Isherwood worked extensively with Stockhausen, and he is one of the vocalists most qualified to realize the composer's intentions. His Vox Nova ensemble, as well as his own fantastic vocal performance, displayed why Isherwood is such a highly valued interpreter of contemporary music.

From the onset, there was a clear performative emphasis on the sung words being envelope filters rather than carriers of information, with each syllable highlighting different frequencies by the shape of the mouth. Such an approach would be aligned with Stockhausen's body of work with electronics. While the sung names of various deities may have been invocations, their musical function was as manners of articulation - vehicles of the semiotic rather than the symbolic.

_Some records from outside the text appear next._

theorem theorem4:
  fixes \<phi> :: "('k::finite \<Rightarrow> 'k \<Rightarrow> complex) \<Rightarrow> ('h::finite \<Rightarrow> 'h \<Rightarrow> complex)"
    and k :: nat
  assumes lin: "clinear_map \<phi>"
    and pos: "positive_map \<phi>"
    and k1: "k \<ge> 1"
  shows "(\<phi> \<noteq> (\<lambda>A a b. 0) \<longrightarrow>
           (k_positive k \<phi> \<longleftrightarrow>
              (SUP v\<in>{v \<in> schmidt k. vnorm v = 1}. Re (cinner (mat_vec (choi_cp \<phi>) v) v)) \<le> 1))
       \<and> (\<forall>(x :: nat \<Rightarrow> 'k \<Rightarrow> complex) (y :: nat \<Rightarrow> 'h \<Rightarrow> complex).
            let v = (\<lambda>(a, b). \<Sum>i<k. x i a * y i b) in
            k < min (card (UNIV :: 'k set)) (card (UNIV :: 'h set)) \<and> vnorm v = 1
            \<and> cinner (mat_vec (choi \<phi>) v) v = 0
            \<and> mat_vec (choi \<phi>) v \<notin> tensor_sub (cspan (x ` {..<k})) (cspan (y ` {..<k}))
            \<longrightarrow> \<not> k_positive (k + 1) \<phi>)"
  unfolding Let_def
  using k_positive_iff_choi_cp_sup_le_1[OF lin pos _ k1]
    not_k_positive_if_choi_null_outside_tensor_sub[OF lin pos]
  by blast

end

Meanwhile, the most surprising revelation of the evening was the spoken text, which I had never heard in English (the piece is meant to be performed in a venue's local language). The eroticism of these poems was a complete surprise, since nothing else in the piece points to them in any obvious way. I had only heard the piece in German, and had no idea what the words meant.

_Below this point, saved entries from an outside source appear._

lemma inversion_point_coords:
  assumes "inversion_point \<beta>" "inv_LR \<beta> L R v w"
  obtains a b where "px \<beta> = a *s w" "py \<beta> = b *s v" "pr \<beta> + 2*a*b \<noteq> 0"
proof -
  have X: "\<beta> \<in> X_cone" and h0: "ph \<beta> = 0" and N: "Nmat \<beta> \<noteq> 0"
    using assms(1) unfolding inversion_point_def in_boundary_def inX_def by auto
  have v: "v \<noteq> 0" "isotropic v" and w: "w \<noteq> 0" "isotropic w" and M: "pM \<beta> = outer v w"
    using assms(2) unfolding inv_LR_def by auto
  have "cbil w (px \<beta>) *s v = 0" using X_cone_hy_Mx[OF X] h0 M outer_matrix_vector_mult by simp
  hence "cbil w (px \<beta>) = 0" using v(1) by (auto simp: vec_eq_iff)
  moreover have "isotropic (px \<beta>)" using X_cone_xx_hr[OF X] h0 by (simp add: isotropic_def)
  ultimately obtain a where a: "px \<beta> = a *s w" using isotropic_orthogonal_parallel w by blast
  have "cbil v (py \<beta>) *s w = 0"
    using X_cone_hx_Mty[OF X] h0 M transpose_outer_matrix_vector_mult by simp
  hence "cbil v (py \<beta>) = 0" using w(1) by (auto simp: vec_eq_iff)
  moreover have "isotropic (py \<beta>)" using X_cone_yy_hr[OF X] h0 by (simp add: isotropic_def)
  ultimately obtain b where b: "py \<beta> = b *s v" using isotropic_orthogonal_parallel v by blast
  have "Nmat \<beta> = (\<chi> i j. (pr \<beta> + 2*a*b) * outer v w $ i $ j)"
    unfolding Nmat_def M a b by (simp add: outer_def vec_eq_iff algebra_simps)
  hence "pr \<beta> + 2*a*b \<noteq> 0" using N by (auto simp: vec_eq_iff)
  thus ?thesis using that a b by blast
qed

section \<open>Bonds\<close>

lemma lform_at_infinity:
  assumes "ph \<beta> = 0" "pM \<beta> = outer (k *s v) w" "px \<beta> = a *s w" "py \<beta> = b *s v"
  shows "lform p P d \<beta> = pr \<beta> - 2*a*cbil (cvec p) w - 2*b*cbil (cvec P) v
    - 2*k*cbil (cvec p) w * cbil (cvec P) v"
  unfolding lform_def assms outer_matrix_vector_mult
  by (simp add: cbil_scale_left cbil_scale_right cbil_commute[of w] cbil_commute[of v] algebra_simps)

lemma is_bond_at_infinity:
  assumes "is_bond n p P d \<beta>"
  shows "\<beta> \<in> X_cone" "ph \<beta> = 0" "\<And>i. i < n \<Longrightarrow> lform (p i) (P i) (d i) \<beta> = 0"
  using assms unfolding is_bond_def in_boundary_def inX_def by auto

text \<open>The leg equation factors as (m Z + a)(l z + b) = r/2 + a b.\<close>
lemma moebius_of_leg_equation:
  fixes l m a b r z Z :: complex
  assumes "l \<noteq> 0" "m \<noteq> 0" "r + 2*a*b \<noteq> 0" "r - 2*a*(l*z) - 2*b*(m*Z) - 2*(l*z)*(m*Z) = 0"
  shows "z \<noteq> -b/l" "((r/2+a*b)/(l*m))/(z - (-b/l)) + (-a/m) = Z"
proof -
  have e: "(m*Z + a)*(l*z + b) = r/2 + a*b" using assms(4) by (simp add: algebra_simps)
  have "r/2 + a*b \<noteq> 0" using assms(3) by (simp add: field_simps)
  hence nz: "l*z + b \<noteq> 0" using e by auto
  thus "z \<noteq> -b/l" using assms(1) by (auto simp: field_simps)
  have "z - (-b/l) = (l*z + b)/l" using assms(1) by (simp add: field_simps)
  hence "((r/2+a*b)/(l*m))/(z - (-b/l)) = (r/2+a*b)/(m*(l*z+b))" using assms(1,2) nz by simp
  also have "\<dots> = (m*Z + a)/m" unfolding e[symmetric] using nz by simp
  finally show "((r/2+a*b)/(l*m))/(z - (-b/l)) + (-a/m) = Z" using assms(2) by (simp add: field_simps)
qed

lemma inversion_bond_has_inversion:
  assumes bond: "is_bond n p P d \<beta>" and "inversion_point \<beta>" and LR: "inv_LR \<beta> L R v w"
  shows "has_inversion L R n (\<lambda>i. proj L (p i)) (\<lambda>i. proj R (P i))"
proof -
  obtain a b where a: "px \<beta> = a *s w" and b: "py \<beta> = b *s v" and rab: "pr \<beta> + 2*a*b \<noteq> 0"
    using inversion_point_coords[OF assms(2,3)] .
  have "v \<noteq> 0" "isotropic v" "w \<noteq> 0" "isotropic w" and M: "pM \<beta> = outer (1 *s v) w"
    and "L = Smap w" "R = Smap v" using LR unfolding inv_LR_def by auto
  then obtain l u1 u2 m U1 U2 where l: "l \<noteq> 0" "adapted_basis L u1 u2" "w = l *s iso_vec u1 u2"
    and m: "m \<noteq> 0" "adapted_basis R U1 U2" "v = m *s iso_vec U1 U2"
    using isotropic_eq_smult_adapted by metis
  show ?thesis unfolding has_inversion_def
  proof (intro exI conjI allI impI)
    show "adapted_basis L u1 u2" "adapted_basis R U1 U2" by fact+
    show "(pr \<beta>/2 + a*b)/(l*m) \<noteq> 0" using rab l(1) m(1) by (simp add: field_simps)
    fix i assume "i < n"
    define z where "z = plane_coord u1 u2 (proj L (p i))"
    define Z where "Z = plane_coord U1 U2 (proj R (P i))"
    have "lform (p i) (P i) (d i) \<beta> = 0" using is_bond_at_infinity(3)[OF bond \<open>i < n\<close>] .
    hence "pr \<beta> - 2*a*(l*z) - 2*b*(m*Z) - 2*(l*z)*(m*Z) = 0"
      unfolding lform_at_infinity[OF is_bond_at_infinity(2)[OF bond] M a b] z_def Z_def l(3) m(3)
      by (simp add: cbil_scale_right cbil_iso_vec_plane_coord[OF l(2)] cbil_iso_vec_plane_coord[OF m(2)]
          algebra_simps)
    from moebius_of_leg_equation[OF l(1) m(1) rab this]
    show "plane_coord u1 u2 (proj L (p i)) \<noteq> -b/l"
      "(pr \<beta>/2 + a*b)/(l*m) / (plane_coord u1 u2 (proj L (p i)) - -b/l) + -a/m
        = plane_coord U1 U2 (proj R (P i))"
      unfolding z_def Z_def by simp_all
  qed
qed

lemma similarity_bond_has_similarity:
  assumes bond: "is_bond n p P d \<beta>" and "similarity_point \<beta>"
  shows "has_similarity (sim_L \<beta>) (sim_R \<beta>) n (\<lambda>i. proj (sim_L \<beta>) (p i)) (\<lambda>i. proj (sim_R \<beta>) (P i))"
proof -
  note X = is_bond_at_infinity(1)[OF bond] and h0 = is_bond_at_infinity(2)[OF bond]
  have M0: "pM \<beta> = 0" and "px \<beta> \<noteq> 0" "py \<beta> \<noteq> 0"
    using assms(2) unfolding similarity_point_def by auto
  moreover have "isotropic (px \<beta>)" "isotropic (py \<beta>)"
    using X_cone_xx_hr[OF X] X_cone_yy_hr[OF X] h0 by (simp_all add: isotropic_def)
  ultimately obtain l u1 u2 m U1 U2
    where l: "l \<noteq> 0" "adapted_basis (sim_L \<beta>) u1 u2" "px \<beta> = l *s iso_vec u1 u2"
      and m: "m \<noteq> 0" "adapted_basis (sim_R \<beta>) U1 U2" "py \<beta> = m *s iso_vec U1 U2"
    unfolding sim_L_def sim_R_def using isotropic_eq_smult_adapted by metis
  have M: "pM \<beta> = outer (0 *s iso_vec U1 U2) (iso_vec u1 u2)" using M0 by (simp add: outer_eq_0_iff)
  show ?thesis unfolding has_similarity_def
  proof (intro exI conjI allI impI)
    show "adapted_basis (sim_L \<beta>) u1 u2" "adapted_basis (sim_R \<beta>) U1 U2" by fact+
    show "- l / m \<noteq> 0" using l(1) m(1) by simp
    fix i assume "i < n"
    have "lform (p i) (P i) (d i) \<beta> = 0" using is_bond_at_infinity(3)[OF bond \<open>i < n\<close>] .
    hence "pr \<beta> - 2*l*plane_coord u1 u2 (proj (sim_L \<beta>) (p i))
        - 2*m*plane_coord U1 U2 (proj (sim_R \<beta>) (P i)) = 0"
      unfolding lform_at_infinity[OF h0 M l(3) m(3)] by (simp add: cbil_iso_vec_plane_coord[OF l(2)] cbil_iso_vec_plane_coord[OF m(2)])
    thus "- l / m * plane_coord u1 u2 (proj (sim_L \<beta>) (p i)) + pr \<beta> / (2*m)
        = plane_coord U1 U2 (proj (sim_R \<beta>) (P i))"
      using m(1) by (simp add: field_simps)
  qed
qed

lemma has_inversion_inversion_bond:
  assumes "has_inversion L R n (\<lambda>i. proj L (p i)) (\<lambda>i. proj R (P i))"
  shows "\<exists>\<beta> v w. is_bond n p P d \<beta> \<and> inversion_point \<beta> \<and> inv_LR \<beta> L R v w"
proof -
  obtain u1 u2 U1 U2 \<alpha> z0 w0' where L: "adapted_basis L u1 u2" and R: "adapted_basis R U1 U2"
    and "\<alpha> \<noteq> 0" and moeb: "\<forall>i<n. plane_coord u1 u2 (proj L (p i)) \<noteq> z0 \<and>
      \<alpha> / (plane_coord u1 u2 (proj L (p i)) - z0) + w0' = plane_coord U1 U2 (proj R (P i))"
    using assms unfolding has_inversion_def by blast
  define W where "W = iso_vec u1 u2"
  define V where "V = iso_vec U1 U2"
  define \<beta> where "\<beta> = ((0::complex), outer V W, (-w0') *s W, (-z0) *s V, 2*\<alpha> + 2*(-z0)*w0')"
  note W = adapted_basis_iso_vec[OF L, folded W_def] and V = adapted_basis_iso_vec[OF R, folded V_def]
  have h0: "ph \<beta> = 0" and M: "pM \<beta> = outer (1 *s V) W"
    and x: "px \<beta> = (-w0') *s W" and y: "py \<beta> = (-z0) *s V"
    by (simp_all add: \<beta>_def ph_def pM_def px_def py_def)
  have MV: "pM \<beta> \<noteq> 0" using W(1) V(1) by (simp add: M outer_eq_0_iff)
  have X: "\<beta> \<in> X_cone"
    unfolding \<beta>_def V_def W_def
    by (rule X_cone_inversion_point[OF adapted_basis_orthonormal_pair(1)[OF L]
          adapted_basis_orthonormal_pair(1)[OF R]])
  have "lform (p i) (P i) (d i) \<beta> = 0" if "i < n" for i
  proof -
    define z where "z = plane_coord u1 u2 (proj L (p i))"
    define Z where "Z = plane_coord U1 U2 (proj R (P i))"
    have "z \<noteq> z0" "\<alpha> / (z - z0) + w0' = Z" using moeb that z_def Z_def by auto
    hence "(Z - w0') * (z - z0) = \<alpha>" by (simp add: field_simps)
    moreover have "lform (p i) (P i) (d i) \<beta> = 2*(\<alpha> - (Z - w0') * (z - z0))"
      unfolding lform_at_infinity[OF h0 M x y] cbil_iso_vec_plane_coord[OF L, folded W_def]
        cbil_iso_vec_plane_coord[OF R, folded V_def]
      by (simp add: \<beta>_def pr_def z_def[symmetric] Z_def[symmetric] algebra_simps)
    ultimately show ?thesis by simp
  qed
  hence bond: "is_bond n p P d \<beta>"
    using X h0 MV unfolding is_bond_def in_boundary_def inX_def by (auto simp: zero_prod_def pM_def)
  have "Nmat \<beta> = (\<chi> i j. (2*\<alpha>) * outer V W $ i $ j)"
    by (simp add: \<beta>_def Nmat_def pr_def px_def py_def pM_def outer_def vec_eq_iff algebra_simps)
  hence "Nmat \<beta> \<noteq> 0" using MV \<open>\<alpha> \<noteq> 0\<close> by (auto simp: M vec_eq_iff)
  hence "inversion_point \<beta>" using bond MV unfolding inversion_point_def is_bond_def by simp
  moreover have "inv_LR \<beta> L R V W" using W V by (simp add: inv_LR_def M)
  ultimately show ?thesis using bond by blast
qed

lemma has_similarity_similarity_bond:
  assumes "has_similarity L R n (\<lambda>i. proj L (p i)) (\<lambda>i. proj R (P i))"
  shows "\<exists>\<beta>. is_bond n p P d \<beta> \<and> similarity_point \<beta> \<and> sim_L \<beta> = L \<and> sim_R \<beta> = R"
proof -
  obtain u1 u2 U1 U2 \<alpha> \<gamma> where L: "adapted_basis L u1 u2" and R: "adapted_basis R U1 U2"
    and "\<alpha> \<noteq> 0" and sim: "\<forall>i<n. \<alpha> * plane_coord u1 u2 (proj L (p i)) + \<gamma> = plane_coord U1 U2 (proj R (P i))"
    using assms unfolding has_similarity_def by blast
  define W where "W = iso_vec u1 u2"
  define V where "V = iso_vec U1 U2"
  define \<beta> where "\<beta> = ((0::complex), (0::complex^3^3), (-\<alpha>) *s W, 1 *s V, 2*\<gamma>)"
  note W = adapted_basis_iso_vec[OF L, folded W_def] and V = adapted_basis_iso_vec[OF R, folded V_def]
  have h0: "ph \<beta> = 0" and M: "pM \<beta> = outer (0 *s V) W" by (simp_all add: \<beta>_def ph_def pM_def outer_eq_0_iff)
  have x: "px \<beta> = (-\<alpha>) *s W" "px \<beta> \<noteq> 0" and y: "py \<beta> = 1 *s V" "py \<beta> \<noteq> 0"
    using W(1) V(1) \<open>\<alpha> \<noteq> 0\<close> by (auto simp: \<beta>_def px_def py_def vec_eq_iff)
  have X: "\<beta> \<in> X_cone"
    unfolding \<beta>_def V_def W_def
    by (rule X_cone_similarity_point[OF adapted_basis_orthonormal_pair(1)[OF L]
          adapted_basis_orthonormal_pair(1)[OF R]])
  have "lform (p i) (P i) (d i) \<beta> = 0" if "i < n" for i
  proof -
    have "lform (p i) (P i) (d i) \<beta>
        = 2*(\<alpha> * plane_coord u1 u2 (proj L (p i)) + \<gamma> - plane_coord U1 U2 (proj R (P i)))"
      unfolding lform_at_infinity[OF h0 M x(1) y(1)] cbil_iso_vec_plane_coord[OF L, folded W_def]
        cbil_iso_vec_plane_coord[OF R, folded V_def]
      by (simp add: \<beta>_def pr_def algebra_simps)
    thus ?thesis using sim that by simp
  qed
  hence bond: "is_bond n p P d \<beta>"
    using X h0 x(2) unfolding is_bond_def in_boundary_def inX_def by (auto simp: zero_prod_def px_def)
  moreover have "similarity_point \<beta>" using bond x y unfolding similarity_point_def is_bond_def
    by (simp add: \<beta>_def pM_def)
  moreover have "sim_L \<beta> = L" "sim_R \<beta> = R"
    using Smap_scale[of "- \<alpha>" W] Smap_scale[of 1 V] \<open>\<alpha> \<noteq> 0\<close> W(3) V(3)
    unfolding sim_L_def sim_R_def x(1) y(1) by simp_all
  ultimately show ?thesis by blast
qed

After the concert, it was illuminating to walk up and view the performers' scores. Each singer had re-notated the piece to make it most immediately accessible to their own relationship to music. Each performer had a clear and distinct voice, and the combination of them was something uniquely powerful. The personality of each voice was also reflected in how different each singer's re-imagined performance score was.

Also, this is the first Stockhausen piece to reference days of the week - a seed to later grow into larger works like Licht. Mary Bauermeister, who inspired this piece, was actually present for this performance(!), and mentioned off-hand that the days may have been her suggestion. I had a chance to speak with her briefly after the concert, and her innate and potentially-unintentional profundity made it clear why she has been an inspired and collaborated with so many great artists. Unfortunately, her book about her time with Stockhausen, Ich hänge im Triolengitter: Mein Leben mit Karlheinz Stockhausen, is still only available in German.

Jacaranda's next concert in their 10th anniversary season is on February 22, featuring Adam Tendler and Christopher Taylor performing two respective watershed pieces of 20th century piano music: Sonatas and Interludes, and Vingt Regards sur L’Enfant Jesus.